═══ WORKING DATA

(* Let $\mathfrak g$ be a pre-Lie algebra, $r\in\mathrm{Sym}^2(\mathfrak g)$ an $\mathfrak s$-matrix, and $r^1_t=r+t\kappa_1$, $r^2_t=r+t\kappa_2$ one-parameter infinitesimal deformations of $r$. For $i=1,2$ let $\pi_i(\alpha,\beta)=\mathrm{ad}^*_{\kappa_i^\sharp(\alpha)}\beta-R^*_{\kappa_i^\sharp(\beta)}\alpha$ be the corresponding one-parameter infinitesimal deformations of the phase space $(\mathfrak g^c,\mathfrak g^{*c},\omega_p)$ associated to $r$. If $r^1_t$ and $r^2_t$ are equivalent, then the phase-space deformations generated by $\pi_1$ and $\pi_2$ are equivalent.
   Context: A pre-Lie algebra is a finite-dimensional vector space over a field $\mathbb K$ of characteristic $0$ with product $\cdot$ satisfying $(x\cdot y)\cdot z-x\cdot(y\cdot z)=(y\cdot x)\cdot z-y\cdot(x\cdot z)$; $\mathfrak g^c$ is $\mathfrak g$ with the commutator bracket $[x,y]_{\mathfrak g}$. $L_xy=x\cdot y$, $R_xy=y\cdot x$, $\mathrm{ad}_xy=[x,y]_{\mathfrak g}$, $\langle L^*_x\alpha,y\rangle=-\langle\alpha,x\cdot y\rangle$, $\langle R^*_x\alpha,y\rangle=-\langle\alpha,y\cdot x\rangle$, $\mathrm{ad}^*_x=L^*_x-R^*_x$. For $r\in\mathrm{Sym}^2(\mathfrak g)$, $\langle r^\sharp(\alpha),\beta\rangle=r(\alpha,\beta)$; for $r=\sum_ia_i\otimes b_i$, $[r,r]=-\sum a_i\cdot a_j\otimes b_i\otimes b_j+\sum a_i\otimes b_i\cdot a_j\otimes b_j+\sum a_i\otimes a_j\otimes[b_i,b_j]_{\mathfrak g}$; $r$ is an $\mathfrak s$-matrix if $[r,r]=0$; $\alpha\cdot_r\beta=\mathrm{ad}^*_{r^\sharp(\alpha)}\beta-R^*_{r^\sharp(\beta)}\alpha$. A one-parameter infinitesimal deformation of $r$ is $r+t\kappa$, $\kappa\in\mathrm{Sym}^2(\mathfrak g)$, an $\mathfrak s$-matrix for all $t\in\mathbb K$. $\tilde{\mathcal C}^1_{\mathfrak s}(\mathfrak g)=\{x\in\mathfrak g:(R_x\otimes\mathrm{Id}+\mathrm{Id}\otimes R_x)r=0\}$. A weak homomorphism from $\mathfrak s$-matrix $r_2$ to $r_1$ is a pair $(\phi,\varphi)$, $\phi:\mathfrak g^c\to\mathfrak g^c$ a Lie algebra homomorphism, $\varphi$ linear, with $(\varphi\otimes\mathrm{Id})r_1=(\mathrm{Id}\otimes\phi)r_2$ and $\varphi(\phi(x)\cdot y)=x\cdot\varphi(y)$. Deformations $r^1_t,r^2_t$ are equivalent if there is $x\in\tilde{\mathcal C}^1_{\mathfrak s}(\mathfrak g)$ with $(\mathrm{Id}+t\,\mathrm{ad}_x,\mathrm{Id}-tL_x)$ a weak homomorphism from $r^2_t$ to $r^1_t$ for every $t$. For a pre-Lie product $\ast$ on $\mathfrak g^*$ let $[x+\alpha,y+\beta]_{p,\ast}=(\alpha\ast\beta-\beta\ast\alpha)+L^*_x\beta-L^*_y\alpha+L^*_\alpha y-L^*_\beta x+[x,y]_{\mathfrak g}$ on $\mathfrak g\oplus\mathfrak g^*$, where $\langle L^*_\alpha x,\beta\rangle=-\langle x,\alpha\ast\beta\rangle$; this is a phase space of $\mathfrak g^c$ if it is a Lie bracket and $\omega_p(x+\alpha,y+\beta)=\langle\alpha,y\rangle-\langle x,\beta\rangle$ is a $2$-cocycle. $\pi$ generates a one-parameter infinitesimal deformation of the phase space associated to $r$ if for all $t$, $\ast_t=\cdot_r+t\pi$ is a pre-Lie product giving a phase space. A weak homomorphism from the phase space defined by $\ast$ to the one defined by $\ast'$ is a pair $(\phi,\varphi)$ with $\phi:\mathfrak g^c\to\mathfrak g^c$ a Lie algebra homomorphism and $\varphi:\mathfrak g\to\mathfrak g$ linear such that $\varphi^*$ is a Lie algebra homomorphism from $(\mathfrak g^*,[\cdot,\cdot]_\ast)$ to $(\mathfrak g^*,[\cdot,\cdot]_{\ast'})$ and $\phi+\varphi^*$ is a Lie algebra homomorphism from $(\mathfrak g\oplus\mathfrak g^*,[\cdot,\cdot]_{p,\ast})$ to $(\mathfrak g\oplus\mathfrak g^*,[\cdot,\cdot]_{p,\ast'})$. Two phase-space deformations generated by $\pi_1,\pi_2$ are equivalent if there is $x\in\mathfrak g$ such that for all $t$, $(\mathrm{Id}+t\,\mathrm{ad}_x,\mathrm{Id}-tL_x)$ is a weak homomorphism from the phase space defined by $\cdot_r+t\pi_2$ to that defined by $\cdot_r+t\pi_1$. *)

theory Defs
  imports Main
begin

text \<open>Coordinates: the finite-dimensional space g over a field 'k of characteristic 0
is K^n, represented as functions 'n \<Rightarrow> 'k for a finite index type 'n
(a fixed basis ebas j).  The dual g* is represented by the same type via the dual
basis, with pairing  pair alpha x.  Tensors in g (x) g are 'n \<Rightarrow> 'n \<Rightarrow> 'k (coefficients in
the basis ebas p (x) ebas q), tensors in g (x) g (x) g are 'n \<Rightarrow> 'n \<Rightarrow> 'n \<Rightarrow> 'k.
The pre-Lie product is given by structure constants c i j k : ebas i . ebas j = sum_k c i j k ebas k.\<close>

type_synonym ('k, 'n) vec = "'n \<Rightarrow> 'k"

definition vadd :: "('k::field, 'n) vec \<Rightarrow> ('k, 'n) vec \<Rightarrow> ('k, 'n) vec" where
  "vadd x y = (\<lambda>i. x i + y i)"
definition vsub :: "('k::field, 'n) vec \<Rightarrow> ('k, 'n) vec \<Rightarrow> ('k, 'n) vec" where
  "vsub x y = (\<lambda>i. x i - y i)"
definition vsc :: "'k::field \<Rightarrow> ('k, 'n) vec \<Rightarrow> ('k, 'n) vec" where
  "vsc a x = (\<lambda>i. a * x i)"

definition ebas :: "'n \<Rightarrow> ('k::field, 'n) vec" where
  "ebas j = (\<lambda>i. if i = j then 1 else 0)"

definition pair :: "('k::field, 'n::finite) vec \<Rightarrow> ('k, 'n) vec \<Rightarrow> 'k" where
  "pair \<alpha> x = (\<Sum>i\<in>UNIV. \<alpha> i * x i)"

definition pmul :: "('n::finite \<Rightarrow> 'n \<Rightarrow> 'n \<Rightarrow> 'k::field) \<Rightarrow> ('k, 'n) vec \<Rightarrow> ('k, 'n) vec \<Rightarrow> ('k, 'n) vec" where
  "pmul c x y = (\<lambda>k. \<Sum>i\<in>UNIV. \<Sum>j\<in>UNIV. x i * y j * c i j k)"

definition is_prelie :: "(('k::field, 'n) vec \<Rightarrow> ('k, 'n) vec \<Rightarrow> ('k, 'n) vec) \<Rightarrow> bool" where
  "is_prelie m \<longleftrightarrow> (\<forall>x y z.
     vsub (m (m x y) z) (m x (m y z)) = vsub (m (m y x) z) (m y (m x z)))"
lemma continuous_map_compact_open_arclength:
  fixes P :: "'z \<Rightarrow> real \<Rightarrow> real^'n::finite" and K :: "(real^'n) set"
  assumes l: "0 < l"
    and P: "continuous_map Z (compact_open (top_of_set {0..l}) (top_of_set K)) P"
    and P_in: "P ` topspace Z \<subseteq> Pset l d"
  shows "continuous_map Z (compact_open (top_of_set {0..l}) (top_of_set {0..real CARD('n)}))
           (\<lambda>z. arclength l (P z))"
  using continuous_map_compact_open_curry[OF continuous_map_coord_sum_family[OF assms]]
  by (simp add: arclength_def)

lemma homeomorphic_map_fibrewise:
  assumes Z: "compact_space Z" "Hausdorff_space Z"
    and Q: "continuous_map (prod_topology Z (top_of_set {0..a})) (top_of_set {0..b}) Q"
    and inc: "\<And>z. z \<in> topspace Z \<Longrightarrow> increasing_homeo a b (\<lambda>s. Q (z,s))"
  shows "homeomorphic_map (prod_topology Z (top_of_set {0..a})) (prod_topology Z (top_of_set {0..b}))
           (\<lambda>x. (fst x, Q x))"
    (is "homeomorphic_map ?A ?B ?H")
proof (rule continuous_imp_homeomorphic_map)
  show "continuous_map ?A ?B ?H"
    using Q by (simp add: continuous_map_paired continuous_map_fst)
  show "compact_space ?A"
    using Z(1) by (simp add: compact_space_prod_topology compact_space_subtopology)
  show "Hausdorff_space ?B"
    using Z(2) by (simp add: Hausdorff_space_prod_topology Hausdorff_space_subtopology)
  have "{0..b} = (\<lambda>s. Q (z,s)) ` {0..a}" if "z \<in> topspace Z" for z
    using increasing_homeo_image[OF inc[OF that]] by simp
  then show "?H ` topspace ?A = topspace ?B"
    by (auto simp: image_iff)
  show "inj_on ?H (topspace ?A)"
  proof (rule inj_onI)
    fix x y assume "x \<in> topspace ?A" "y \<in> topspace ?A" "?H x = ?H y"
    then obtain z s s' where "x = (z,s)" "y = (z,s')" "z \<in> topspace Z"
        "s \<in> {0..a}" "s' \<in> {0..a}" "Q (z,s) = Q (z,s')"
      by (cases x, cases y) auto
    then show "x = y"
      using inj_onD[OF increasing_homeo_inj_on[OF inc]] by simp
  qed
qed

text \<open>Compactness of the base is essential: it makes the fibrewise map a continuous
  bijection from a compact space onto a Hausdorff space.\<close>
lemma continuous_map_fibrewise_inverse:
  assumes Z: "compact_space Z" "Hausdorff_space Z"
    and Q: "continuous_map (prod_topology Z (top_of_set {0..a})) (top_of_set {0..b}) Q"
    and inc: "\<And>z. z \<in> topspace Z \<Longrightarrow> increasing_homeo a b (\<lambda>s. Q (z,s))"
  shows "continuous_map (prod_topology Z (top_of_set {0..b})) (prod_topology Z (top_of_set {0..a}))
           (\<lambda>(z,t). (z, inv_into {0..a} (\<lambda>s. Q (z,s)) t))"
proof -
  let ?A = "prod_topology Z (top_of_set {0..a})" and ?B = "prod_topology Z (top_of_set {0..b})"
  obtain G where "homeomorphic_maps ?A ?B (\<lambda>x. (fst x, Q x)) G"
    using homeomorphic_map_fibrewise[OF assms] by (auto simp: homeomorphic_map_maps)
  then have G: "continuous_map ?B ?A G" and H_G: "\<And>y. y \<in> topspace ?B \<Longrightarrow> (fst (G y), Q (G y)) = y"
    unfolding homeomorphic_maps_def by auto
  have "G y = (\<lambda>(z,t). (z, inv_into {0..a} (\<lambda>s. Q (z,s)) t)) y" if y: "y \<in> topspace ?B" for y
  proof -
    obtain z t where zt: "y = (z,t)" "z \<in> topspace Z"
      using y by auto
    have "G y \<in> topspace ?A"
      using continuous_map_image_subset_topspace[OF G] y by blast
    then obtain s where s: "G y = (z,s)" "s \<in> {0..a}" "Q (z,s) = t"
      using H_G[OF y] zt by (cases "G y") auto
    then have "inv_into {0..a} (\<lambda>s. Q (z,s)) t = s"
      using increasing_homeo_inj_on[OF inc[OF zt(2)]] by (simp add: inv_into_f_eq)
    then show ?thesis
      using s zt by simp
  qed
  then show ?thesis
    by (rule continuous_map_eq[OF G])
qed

══════

Across the data, pull every line containing the string "close".

RESULT BELOW:
The pre-Lie product is given by structure constants c i j k : ebas i . ebas j = sum_k c i j k ebas k.\<close>
  bijection from a compact space onto a Hausdorff space.\<close>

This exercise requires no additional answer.